[Stored records]
(* Let $r\ge1$ be an integer and, for integers $m\ge0$, let $S_{r,m}=\sum_{k=0}^{m}J_{rk}^{(3)}$. Define the $4\times4$ matrices $$A_{r}=\begin{pmatrix} 1&0&0&0\\ 1&2^{r}+\epsilon_{r}&-(2^{r}\epsilon_{r}+1)&2^{r}\\0&1&0&0\\ 0&0&1&0 \end{pmatrix},\quad Q_{r,n}=\begin{pmatrix} J_{r}^{(3)}+2^{r}J_{-r}^{(3)}&0&0&0\\ S_{r,n}&J_{r(n+1)}^{(3)}&K_{r,n}^{(3)}&2^{r}J_{rn}^{(3)}\\S_{r,n-1}&J_{rn}^{(3)}&K_{r,n-1}^{(3)}&2^{r}J_{r(n-1)}^{(3)}\\ S_{r,n-2}&J_{r(n-1)}^{(3)}&K_{r,n-2}^{(3)}&2^{r}J_{r(n-2)}^{(3)} \end{pmatrix},$$ where $K_{r,m}^{(3)}=-(2^{r}\epsilon_{r}+1)J_{rm}^{(3)}+2^{r}J_{r(m-1)}^{(3)}$. Then for every integer $n\ge2$, $$J_{r}^{(3)}A_{r}^{n}+2^{r}J_{-r}^{(3)}A_{r}^{n-1}=Q_{r,n}.$$
   Context: The third order Jacobsthal numbers are defined by $J_0^{(3)}=0$, $J_1^{(3)}=J_2^{(3)}=1$ and $J_{n+3}^{(3)}=J_{n+2}^{(3)}+J_{n+1}^{(3)}+2J_n^{(3)}$ for $n\ge0$, and are extended to all negative indices by running the recurrence backwards, i.e. $J_{n}^{(3)}=\tfrac12\big(J_{n+3}^{(3)}-J_{n+2}^{(3)}-J_{n+1}^{(3)}\big)$ for all $n<0$ (so $J_{-1}^{(3)}=0$, $J_{-2}^{(3)}=\tfrac12$, $J_{-3}^{(3)}=-\tfrac14$). Let $\omega_1=\frac{-1+\sqrt{-3}}{2}$, $\omega_2=\frac{-1-\sqrt{-3}}{2}$ be the roots of $x^2+x+1=0$ and $\epsilon_r=\omega_1^r+\omega_2^r$ (equal to $2$ if $3\mid r$, and $-1$ otherwise). *)

theory Defs
  imports Complex_Main "Jordan_Normal_Form.Matrix"
begin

ASSIGNMENT:
Copy every line above without altering a word.

EXERCISE OUTPUT:
(* Let $r\ge1$ be an integer and, for integers $m\ge0$, let $S_{r,m}=\sum_{k=0}^{m}J_{rk}^{(3)}$. Define the $4\times4$ matrices $$A_{r}=\begin{pmatrix} 1&0&0&0\\ 1&2^{r}+\epsilon_{r}&-(2^{r}\epsilon_{r}+1)&2^{r}\\0&1&0&0\\ 0&0&1&0 \end{pmatrix},\quad Q_{r,n}=\begin{pmatrix} J_{r}^{(3)}+2^{r}J_{-r}^{(3)}&0&0&0\\ S_{r,n}&J_{r(n+1)}^{(3)}&K_{r,n}^{(3)}&2^{r}J_{rn}^{(3)}\\S_{r,n-1}&J_{rn}^{(3)}&K_{r,n-1}^{(3)}&2^{r}J_{r(n-1)}^{(3)}\\ S_{r,n-2}&J_{r(n-1)}^{(3)}&K_{r,n-2}^{(3)}&2^{r}J_{r(n-2)}^{(3)} \end{pmatrix},$$ where $K_{r,m}^{(3)}=-(2^{r}\epsilon_{r}+1)J_{rm}^{(3)}+2^{r}J_{r(m-1)}^{(3)}$. Then for every integer $n\ge2$, $$J_{r}^{(3)}A_{r}^{n}+2^{r}J_{-r}^{(3)}A_{r}^{n-1}=Q_{r,n}.$$
   Context: The third order Jacobsthal numbers are defined by $J_0^{(3)}=0$, $J_1^{(3)}=J_2^{(3)}=1$ and $J_{n+3}^{(3)}=J_{n+2}^{(3)}+J_{n+1}^{(3)}+2J_n^{(3)}$ for $n\ge0$, and are extended to all negative indices by running the recurrence backwards, i.e. $J_{n}^{(3)}=\tfrac12\big(J_{n+3}^{(3)}-J_{n+2}^{(3)}-J_{n+1}^{(3)}\big)$ for all $n<0$ (so $J_{-1}^{(3)}=0$, $J_{-2}^{(3)}=\tfrac12$, $J_{-3}^{(3)}=-\tfrac14$). Let $\omega_1=\frac{-1+\sqrt{-3}}{2}$, $\omega_2=\frac{-1-\sqrt{-3}}{2}$ be the roots of $x^2+x+1=0$ and $\epsilon_r=\omega_1^r+\omega_2^r$ (equal to $2$ if $3\mid r$, and $-1$ otherwise). *)

theory Defs
  imports Complex_Main "Jordan_Normal_Form.Matrix"
begin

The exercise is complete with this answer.